(* Let $\Gamma,\Delta$ be finite multisets of formulas, $p$ a propositional variable and $a$ an agent symbol. Then there exists a formula $A$ such that: (i) $\mathsf{V}(A)\subseteq\mathsf{V}(\Gamma\cup\Delta)\setminus\{p\}$ and $\mathsf{Agt}(A)\subseteq\mathsf{Agt}(\Gamma\cup\Delta)\setminus\{a\}$; (ii) $\mathsf{G}(\mathbf{KT}_D)\vdash\Gamma,A\Rightarrow\Delta$; (iii) for all finite multisets $\Pi,\Lambda$ of formulas with $p\notin\mathsf{V}(\Pi\cup\Lambda)$ and $a\notin\mathsf{Agt}(\Pi\cup\Lambda)$: if $\mathsf{G}(\mathbf{KT}_D)\vdash\Pi,\Gamma\Rightarrow\Delta,\Lambda$, then $\mathsf{G}(\mathbf{KT}_D)\vdash\Pi\Rightarrow A,\Lambda$.
   Context: Language: fix a finite nonempty set $\mathsf{Agt}$ of agent symbols and a countable set $\mathsf{Prop}$ of propositional variables; $\mathsf{Grp}$ is the set of nonempty subsets of $\mathsf{Agt}$. Formulas: $\alpha::=p\mid\bot\mid\alpha\wedge\alpha\mid\alpha\vee\alpha\mid\alpha\rightarrow\alpha\mid\neg\alpha\mid D_G\alpha$ with $p\in\mathsf{Prop}$, $G\in\mathsf{Grp}$. $\mathsf{V}(\cdot)$ is the set of propositional variables occurring, $\mathsf{Agt}(\cdot)$ the set of agent symbols occurring (the union of all $G$ with $D_G$ occurring); for multisets these are unions. An outmost-boxed formula is one of the form $D_G\gamma$. Sequent calculus $\mathsf{G}(\mathbf{KT}_D)$: sequents $\Gamma\Rightarrow\Delta$ are pairs of finite multisets; $\vdash S$ means $S$ is the root of a finite tree built from initial sequents by the rules. Initial sequents $\Gamma,p\Rightarrow p,\Delta$ ($p\in\mathsf{Prop}$) and $\bot,\Gamma\Rightarrow\Delta$. Rules: $(R\wedge)$ from $\Gamma\Rightarrow\Delta,\alpha_1$ and $\Gamma\Rightarrow\Delta,\alpha_2$ infer $\Gamma\Rightarrow\Delta,\alpha_1\wedge\alpha_2$; $(L\wedge)$ from $\alpha_1,\alpha_2,\Gamma\Rightarrow\Delta$ infer $\alpha_1\wedge\alpha_2,\Gamma\Rightarrow\Delta$; $(R\vee)$ from $\Gamma\Rightarrow\Delta,\alpha_1,\alpha_2$ infer $\Gamma\Rightarrow\Delta,\alpha_1\vee\alpha_2$; $(L\vee)$ from $\alpha_1,\Gamma\Rightarrow\Delta$ and $\alpha_2,\Gamma\Rightarrow\Delta$ infer $\alpha_1\vee\alpha_2,\Gamma\Rightarrow\Delta$; $(R\rightarrow)$ from $\alpha_1,\Gamma\Rightarrow\Delta,\alpha_2$ infer $\Gamma\Rightarrow\Delta,\alpha_1\rightarrow\alpha_2$; $(L\rightarrow)$ from $\Gamma\Rightarrow\Delta,\alpha_1$ and $\alpha_2,\Gamma\Rightarrow\Delta$ infer $\alpha_1\rightarrow\alpha_2,\Gamma\Rightarrow\Delta$; $(R\neg)$ from $\alpha,\Gamma\Rightarrow\Delta$ infer $\Gamma\Rightarrow\Delta,\neg\alpha$; $(L\neg)$ from $\Gamma\Rightarrow\Delta,\alpha$ infer $\neg\alpha,\Gamma\Rightarrow\Delta$; $(D_K)$: from $\alpha_1,\dots,\alpha_n\Rightarrow\beta$ ($n\ge0$) infer $\Sigma,D_{G_1}\alpha_1,\dots,D_{G_n}\alpha_n\Rightarrow D_G\beta,\Omega$, provided $G_i\subseteq G$ for all $i$, $\Sigma$ consists only of propositional variables, $\bot$, and formulas $D_H\gamma$ with $H\not\subseteq G$, and $\Omega$ consists only of propositional variables, $\bot$ and outmost-boxed formulas; $(D_T)$: from $D_G\alpha,\alpha,\Gamma\Rightarrow\Delta$ infer $D_G\alpha,\Gamma\Rightarrow\Delta$. *)

theory Defs
  imports Main "HOL-Library.Multiset" "HOL-Library.Countable"
begin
━━━━━━━━━━━━━━━━━━━━
**What you need to do:** Your reply should hold all the entries, each repeated without a single change.

**Written reply:**
(* Let $\Gamma,\Delta$ be finite multisets of formulas, $p$ a propositional variable and $a$ an agent symbol. Then there exists a formula $A$ such that: (i) $\mathsf{V}(A)\subseteq\mathsf{V}(\Gamma\cup\Delta)\setminus\{p\}$ and $\mathsf{Agt}(A)\subseteq\mathsf{Agt}(\Gamma\cup\Delta)\setminus\{a\}$; (ii) $\mathsf{G}(\mathbf{KT}_D)\vdash\Gamma,A\Rightarrow\Delta$; (iii) for all finite multisets $\Pi,\Lambda$ of formulas with $p\notin\mathsf{V}(\Pi\cup\Lambda)$ and $a\notin\mathsf{Agt}(\Pi\cup\Lambda)$: if $\mathsf{G}(\mathbf{KT}_D)\vdash\Pi,\Gamma\Rightarrow\Delta,\Lambda$, then $\mathsf{G}(\mathbf{KT}_D)\vdash\Pi\Rightarrow A,\Lambda$.
   Context: Language: fix a finite nonempty set $\mathsf{Agt}$ of agent symbols and a countable set $\mathsf{Prop}$ of propositional variables; $\mathsf{Grp}$ is the set of nonempty subsets of $\mathsf{Agt}$. Formulas: $\alpha::=p\mid\bot\mid\alpha\wedge\alpha\mid\alpha\vee\alpha\mid\alpha\rightarrow\alpha\mid\neg\alpha\mid D_G\alpha$ with $p\in\mathsf{Prop}$, $G\in\mathsf{Grp}$. $\mathsf{V}(\cdot)$ is the set of propositional variables occurring, $\mathsf{Agt}(\cdot)$ the set of agent symbols occurring (the union of all $G$ with $D_G$ occurring); for multisets these are unions. An outmost-boxed formula is one of the form $D_G\gamma$. Sequent calculus $\mathsf{G}(\mathbf{KT}_D)$: sequents $\Gamma\Rightarrow\Delta$ are pairs of finite multisets; $\vdash S$ means $S$ is the root of a finite tree built from initial sequents by the rules. Initial sequents $\Gamma,p\Rightarrow p,\Delta$ ($p\in\mathsf{Prop}$) and $\bot,\Gamma\Rightarrow\Delta$. Rules: $(R\wedge)$ from $\Gamma\Rightarrow\Delta,\alpha_1$ and $\Gamma\Rightarrow\Delta,\alpha_2$ infer $\Gamma\Rightarrow\Delta,\alpha_1\wedge\alpha_2$; $(L\wedge)$ from $\alpha_1,\alpha_2,\Gamma\Rightarrow\Delta$ infer $\alpha_1\wedge\alpha_2,\Gamma\Rightarrow\Delta$; $(R\vee)$ from $\Gamma\Rightarrow\Delta,\alpha_1,\alpha_2$ infer $\Gamma\Rightarrow\Delta,\alpha_1\vee\alpha_2$; $(L\vee)$ from $\alpha_1,\Gamma\Rightarrow\Delta$ and $\alpha_2,\Gamma\Rightarrow\Delta$ infer $\alpha_1\vee\alpha_2,\Gamma\Rightarrow\Delta$; $(R\rightarrow)$ from $\alpha_1,\Gamma\Rightarrow\Delta,\alpha_2$ infer $\Gamma\Rightarrow\Delta,\alpha_1\rightarrow\alpha_2$; $(L\rightarrow)$ from $\Gamma\Rightarrow\Delta,\alpha_1$ and $\alpha_2,\Gamma\Rightarrow\Delta$ infer $\alpha_1\rightarrow\alpha_2,\Gamma\Rightarrow\Delta$; $(R\neg)$ from $\alpha,\Gamma\Rightarrow\Delta$ infer $\Gamma\Rightarrow\Delta,\neg\alpha$; $(L\neg)$ from $\Gamma\Rightarrow\Delta,\alpha$ infer $\neg\alpha,\Gamma\Rightarrow\Delta$; $(D_K)$: from $\alpha_1,\dots,\alpha_n\Rightarrow\beta$ ($n\ge0$) infer $\Sigma,D_{G_1}\alpha_1,\dots,D_{G_n}\alpha_n\Rightarrow D_G\beta,\Omega$, provided $G_i\subseteq G$ for all $i$, $\Sigma$ consists only of propositional variables, $\bot$, and formulas $D_H\gamma$ with $H\not\subseteq G$, and $\Omega$ consists only of propositional variables, $\bot$ and outmost-boxed formulas; $(D_T)$: from $D_G\alpha,\alpha,\Gamma\Rightarrow\Delta$ infer $D_G\alpha,\Gamma\Rightarrow\Delta$. *)

theory Defs
  imports Main "HOL-Library.Multiset" "HOL-Library.Countable"
begin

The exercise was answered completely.